**REQUIREMENT**: Restate each entry word for word. Keep every detail intact.
*** Block opens ***
(* Let $F_{ij}$ be a dual-convex $m\times n$ net in $I^3$ that has a reciprocal-parallel net $C_{kl}$. Then the planar net obtained from the top view $\overline{C_{kl}}$ by a rotation through $\pi/2$ is Christoffel dual to the top view $\overline{p^*_{kl}}$ of the metric dual net of $F_{ij}$.
   Context: $I^3$ is $\mathbb{R}^3$ with coordinates $(x,y,z)$; isotropic = parallel to the $z$-axis; top view of $(x,y,z)$ is $(x,y)$. Metric duality: non-isotropic plane $z=P^1x+P^2y-P^3$ $\leftrightarrow$ point $(P^1,P^2,P^3)$. An $m\times n$ net: points $F_{ij}$, $0\le i\le m,0\le j\le n$, with $F_{ij},F_{i+1,j},F_{i+1,j+1},F_{i,j+1}$ consecutive vertices of a convex planar quadrilateral (face $p_{ij}$) for all $0\le i<m,0\le j<n$. Boundary vertices: $i\in\{0,m\}$ or $j\in\{0,n\}$; consecutive faces around non-boundary $F_{ij}$: $p_{i-1,j-1},p_{i,j-1},p_{ij},p_{i-1,j}$. Convex 4-hedral angle with vertex $O$: union of rays from $O$ meeting a convex quadrilateral in a plane not through $O$; flat angles: rays through one side; admissible: isotropic line through $O$ meets its interior. Dual-convex: $m,n\ge2$ and at each non-boundary vertex the four consecutive face planes are planes of four consecutive flat angles of an admissible convex 4-hedral angle. Metric dual: the $(m-1)\times(n-1)$ net of points $p^*_{kl}$. A collection $C_{kl}$, $0\le k<m,0\le l<n$, not all equal, is reciprocal-parallel to $F_{ij}$ if $C_{i,j-1}C_{ij}\parallel F_{i+1,j}F_{ij}$ for all $0\le i<m,0<j<n$ and $C_{i-1,j}C_{ij}\parallel F_{i,j+1}F_{ij}$ for all $0<i<m,0\le j<n$. Labeled quadrilaterals $ABCD$, $A'B'C'D'$ are dual if $AB\parallel A'B'$, $BC\parallel B'C'$, $CD\parallel C'D'$, $DA\parallel D'A'$, $AC\parallel B'D'$, $BD\parallel A'C'$; two nets are Christoffel dual if corresponding faces are dual. *)

theory Defs
  imports "HOL-Analysis.Analysis"
begin
(* For every $\epsilon>0$ there is $N=N(\epsilon)$ such that every connected graph $G=(V,E)$ with $n>N$ vertices and minimum degree at least $\epsilon n$ satisfies the following. There is a partition of $V$ into $k\le N$ sets $V_1,\ldots,V_k$ and an edge coloring $\chi:E\to\mathcal C$, where $\mathcal C=\{a_1,a_2,a_3,a_4,b_1,b_2,b_3,b_4\}$ is a set of eight distinct colors, such that for every $i\in[k]$ and every $u,v\in V_i$, the pair $u,v$ is both $a$-rainbow connected and $b$-rainbow connected under $\chi$.
   Context: All graphs are finite, simple and undirected. A path is rainbow if its edges have pairwise distinct colors. Under a coloring $\chi:E\to\mathcal C$, vertices $u,v$ are $a$-rainbow connected if there is a rainbow path from $u$ to $v$ all of whose edges have colors in $\{a_1,a_2,a_3,a_4\}$, and $b$-rainbow connected if there is a rainbow path from $u$ to $v$ all of whose edges have colors in $\{b_1,b_2,b_3,b_4\}$. *)

theory Defs
  imports Complex_Main "HOL-Library.Disjoint_Sets"
begin

definition simple_graph :: "'a set \<Rightarrow> 'a set set \<Rightarrow> bool" where
  "simple_graph V E \<longleftrightarrow> finite V \<and> (\<forall>e\<in>E. e \<subseteq> V \<and> card e = 2)"

definition degree :: "'a set set \<Rightarrow> 'a \<Rightarrow> nat" where
  "degree E v = card {e \<in> E. v \<in> e}"

definition is_path :: "'a set set \<Rightarrow> 'a list \<Rightarrow> bool" where
  "is_path E ps \<longleftrightarrow> ps \<noteq> [] \<and> distinct ps \<and>
     (\<forall>i. Suc i < length ps \<longrightarrow> {ps ! i, ps ! Suc i} \<in> E)"

definition path_edges :: "'a list \<Rightarrow> 'a set list" where
  "path_edges ps = map (\<lambda>i. {ps ! i, ps ! Suc i}) [0..<length ps - 1]"

definition connected_graph :: "'a set \<Rightarrow> 'a set set \<Rightarrow> bool" where
  "connected_graph V E \<longleftrightarrow> V \<noteq> {} \<and>
     (\<forall>u\<in>V. \<forall>v\<in>V. \<exists>ps. is_path E ps \<and> hd ps = u \<and> last ps = v)"

datatype colour = a1 | a2 | a3 | a4 | b1 | b2 | b3 | b4

definition rainbow_connected_in ::
    "'a set set \<Rightarrow> ('a set \<Rightarrow> colour) \<Rightarrow> colour set \<Rightarrow> 'a \<Rightarrow> 'a \<Rightarrow> bool" where
  "rainbow_connected_in E \<chi> C u v \<longleftrightarrow>
     (\<exists>ps. is_path E ps \<and> hd ps = u \<and> last ps = v \<and>
        distinct (map \<chi> (path_edges ps)) \<and> set (map \<chi> (path_edges ps)) \<subseteq> C)"

definition a_rainbow_connected where
  "a_rainbow_connected E \<chi> u v \<longleftrightarrow> rainbow_connected_in E \<chi> {a1, a2, a3, a4} u v"

definition b_rainbow_connected where
  "b_rainbow_connected E \<chi> u v \<longleftrightarrow> rainbow_connected_in E \<chi> {b1, b2, b3, b4} u v"

end

theory Submission
  imports Defs "HOL-Library.FuncSet"
begin

text \<open>A greedy packing argument yields fewer than \<open>m \<approx> 3/\<epsilon>\<close> hubs such that every other
  vertex \<open>u\<close> has about \<open>\<epsilon>n/(2m)\<close> common neighbours outside the hubs with some hub \<open>x(u)\<close>.
  Give each non-hub vertex one of eight classes, a level \<open>h < 4\<close> and a bit, so that for every
  \<open>u\<close> these common neighbours show all eight classes; counting colourings shows that this is
  possible once \<open>n\<close> is large. Colour edges by a symmetric function of the classes of their ends.
  For \<open>u\<close> and \<open>v\<close> with the same hub \<open>x\<close> and the same class, a path \<open>u y x z v\<close> through
  suitable common neighbours of levels 0 and 1 (resp. 2 and 3) is a-rainbow (resp. b-rainbow),
  so the blocks are the fibres of the map to (hub, class), at most \<open>9m\<close> of them.\<close>

definition neighbours :: "'a set set \<Rightarrow> 'a \<Rightarrow> 'a set" where
  "neighbours E u = {w. {u, w} \<in> E}"

lemma neighbours_subset: "simple_graph V E \<Longrightarrow> neighbours E u \<subseteq> V"
  unfolding simple_graph_def neighbours_def by auto

lemma card_neighbours:
  assumes "simple_graph V E"
  shows "card (neighbours E u) = degree E u"
proof -
  have "bij_betw (\<lambda>w. {u, w}) (neighbours E u) {e \<in> E. u \<in> e}"
  proof (rule bij_betwI')
    fix e assume e: "e \<in> {e \<in> E. u \<in> e}"
    then have "card e = 2" using assms by (auto simp: simple_graph_def)
    then obtain x y where "e = {x, y}" by (auto simp: card_2_iff)
    with e show "\<exists>w\<in>neighbours E u. e = {u, w}" by (auto simp: neighbours_def insert_commute)
  qed (auto simp: neighbours_def doubleton_eq_iff)
  then show ?thesis unfolding degree_def by (rule bij_betw_same_card)
qed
*** Block closes ***
**TASK RESPONSE**:
(* Let $F_{ij}$ be a dual-convex $m\times n$ net in $I^3$ that has a reciprocal-parallel net $C_{kl}$. Then the planar net obtained from the top view $\overline{C_{kl}}$ by a rotation through $\pi/2$ is Christoffel dual to the top view $\overline{p^*_{kl}}$ of the metric dual net of $F_{ij}$.
   Context: $I^3$ is $\mathbb{R}^3$ with coordinates $(x,y,z)$; isotropic = parallel to the $z$-axis; top view of $(x,y,z)$ is $(x,y)$. Metric duality: non-isotropic plane $z=P^1x+P^2y-P^3$ $\leftrightarrow$ point $(P^1,P^2,P^3)$. An $m\times n$ net: points $F_{ij}$, $0\le i\le m,0\le j\le n$, with $F_{ij},F_{i+1,j},F_{i+1,j+1},F_{i,j+1}$ consecutive vertices of a convex planar quadrilateral (face $p_{ij}$) for all $0\le i<m,0\le j<n$. Boundary vertices: $i\in\{0,m\}$ or $j\in\{0,n\}$; consecutive faces around non-boundary $F_{ij}$: $p_{i-1,j-1},p_{i,j-1},p_{ij},p_{i-1,j}$. Convex 4-hedral angle with vertex $O$: union of rays from $O$ meeting a convex quadrilateral in a plane not through $O$; flat angles: rays through one side; admissible: isotropic line through $O$ meets its interior. Dual-convex: $m,n\ge2$ and at each non-boundary vertex the four consecutive face planes are planes of four consecutive flat angles of an admissible convex 4-hedral angle. Metric dual: the $(m-1)\times(n-1)$ net of points $p^*_{kl}$. A collection $C_{kl}$, $0\le k<m,0\le l<n$, not all equal, is reciprocal-parallel to $F_{ij}$ if $C_{i,j-1}C_{ij}\parallel F_{i+1,j}F_{ij}$ for all $0\le i<m,0<j<n$ and $C_{i-1,j}C_{ij}\parallel F_{i,j+1}F_{ij}$ for all $0<i<m,0\le j<n$. Labeled quadrilaterals $ABCD$, $A'B'C'D'$ are dual if $AB\parallel A'B'$, $BC\parallel B'C'$, $CD\parallel C'D'$, $DA\parallel D'A'$, $AC\parallel B'D'$, $BD\parallel A'C'$; two nets are Christoffel dual if corresponding faces are dual. *)

theory Defs
  imports "HOL-Analysis.Analysis"
begin
(* For every $\epsilon>0$ there is $N=N(\epsilon)$ such that every connected graph $G=(V,E)$ with $n>N$ vertices and minimum degree at least $\epsilon n$ satisfies the following. There is a partition of $V$ into $k\le N$ sets $V_1,\ldots,V_k$ and an edge coloring $\chi:E\to\mathcal C$, where $\mathcal C=\{a_1,a_2,a_3,a_4,b_1,b_2,b_3,b_4\}$ is a set of eight distinct colors, such that for every $i\in[k]$ and every $u,v\in V_i$, the pair $u,v$ is both $a$-rainbow connected and $b$-rainbow connected under $\chi$.
   Context: All graphs are finite, simple and undirected. A path is rainbow if its edges have pairwise distinct colors. Under a coloring $\chi:E\to\mathcal C$, vertices $u,v$ are $a$-rainbow connected if there is a rainbow path from $u$ to $v$ all of whose edges have colors in $\{a_1,a_2,a_3,a_4\}$, and $b$-rainbow connected if there is a rainbow path from $u$ to $v$ all of whose edges have colors in $\{b_1,b_2,b_3,b_4\}$. *)

theory Defs
  imports Complex_Main "HOL-Library.Disjoint_Sets"
begin

definition simple_graph :: "'a set \<Rightarrow> 'a set set \<Rightarrow> bool" where
  "simple_graph V E \<longleftrightarrow> finite V \<and> (\<forall>e\<in>E. e \<subseteq> V \<and> card e = 2)"

definition degree :: "'a set set \<Rightarrow> 'a \<Rightarrow> nat" where
  "degree E v = card {e \<in> E. v \<in> e}"

definition is_path :: "'a set set \<Rightarrow> 'a list \<Rightarrow> bool" where
  "is_path E ps \<longleftrightarrow> ps \<noteq> [] \<and> distinct ps \<and>
     (\<forall>i. Suc i < length ps \<longrightarrow> {ps ! i, ps ! Suc i} \<in> E)"

definition path_edges :: "'a list \<Rightarrow> 'a set list" where
  "path_edges ps = map (\<lambda>i. {ps ! i, ps ! Suc i}) [0..<length ps - 1]"

definition connected_graph :: "'a set \<Rightarrow> 'a set set \<Rightarrow> bool" where
  "connected_graph V E \<longleftrightarrow> V \<noteq> {} \<and>
     (\<forall>u\<in>V. \<forall>v\<in>V. \<exists>ps. is_path E ps \<and> hd ps = u \<and> last ps = v)"

datatype colour = a1 | a2 | a3 | a4 | b1 | b2 | b3 | b4

definition rainbow_connected_in ::
    "'a set set \<Rightarrow> ('a set \<Rightarrow> colour) \<Rightarrow> colour set \<Rightarrow> 'a \<Rightarrow> 'a \<Rightarrow> bool" where
  "rainbow_connected_in E \<chi> C u v \<longleftrightarrow>
     (\<exists>ps. is_path E ps \<and> hd ps = u \<and> last ps = v \<and>
        distinct (map \<chi> (path_edges ps)) \<and> set (map \<chi> (path_edges ps)) \<subseteq> C)"

definition a_rainbow_connected where
  "a_rainbow_connected E \<chi> u v \<longleftrightarrow> rainbow_connected_in E \<chi> {a1, a2, a3, a4} u v"

definition b_rainbow_connected where
  "b_rainbow_connected E \<chi> u v \<longleftrightarrow> rainbow_connected_in E \<chi> {b1, b2, b3, b4} u v"

end

theory Submission
  imports Defs "HOL-Library.FuncSet"
begin

text \<open>A greedy packing argument yields fewer than \<open>m \<approx> 3/\<epsilon>\<close> hubs such that every other
  vertex \<open>u\<close> has about \<open>\<epsilon>n/(2m)\<close> common neighbours outside the hubs with some hub \<open>x(u)\<close>.
  Give each non-hub vertex one of eight classes, a level \<open>h < 4\<close> and a bit, so that for every
  \<open>u\<close> these common neighbours show all eight classes; counting colourings shows that this is
  possible once \<open>n\<close> is large. Colour edges by a symmetric function of the classes of their ends.
  For \<open>u\<close> and \<open>v\<close> with the same hub \<open>x\<close> and the same class, a path \<open>u y x z v\<close> through
  suitable common neighbours of levels 0 and 1 (resp. 2 and 3) is a-rainbow (resp. b-rainbow),
  so the blocks are the fibres of the map to (hub, class), at most \<open>9m\<close> of them.\<close>

definition neighbours :: "'a set set \<Rightarrow> 'a \<Rightarrow> 'a set" where
  "neighbours E u = {w. {u, w} \<in> E}"

lemma neighbours_subset: "simple_graph V E \<Longrightarrow> neighbours E u \<subseteq> V"
  unfolding simple_graph_def neighbours_def by auto

lemma card_neighbours:
  assumes "simple_graph V E"
  shows "card (neighbours E u) = degree E u"
proof -
  have "bij_betw (\<lambda>w. {u, w}) (neighbours E u) {e \<in> E. u \<in> e}"
  proof (rule bij_betwI')
    fix e assume e: "e \<in> {e \<in> E. u \<in> e}"
    then have "card e = 2" using assms by (auto simp: simple_graph_def)
    then obtain x y where "e = {x, y}" by (auto simp: card_2_iff)
    with e show "\<exists>w\<in>neighbours E u. e = {u, w}" by (auto simp: neighbours_def insert_commute)
  qed (auto simp: neighbours_def doubleton_eq_iff)
  then show ?thesis unfolding degree_def by (rule bij_betw_same_card)
qed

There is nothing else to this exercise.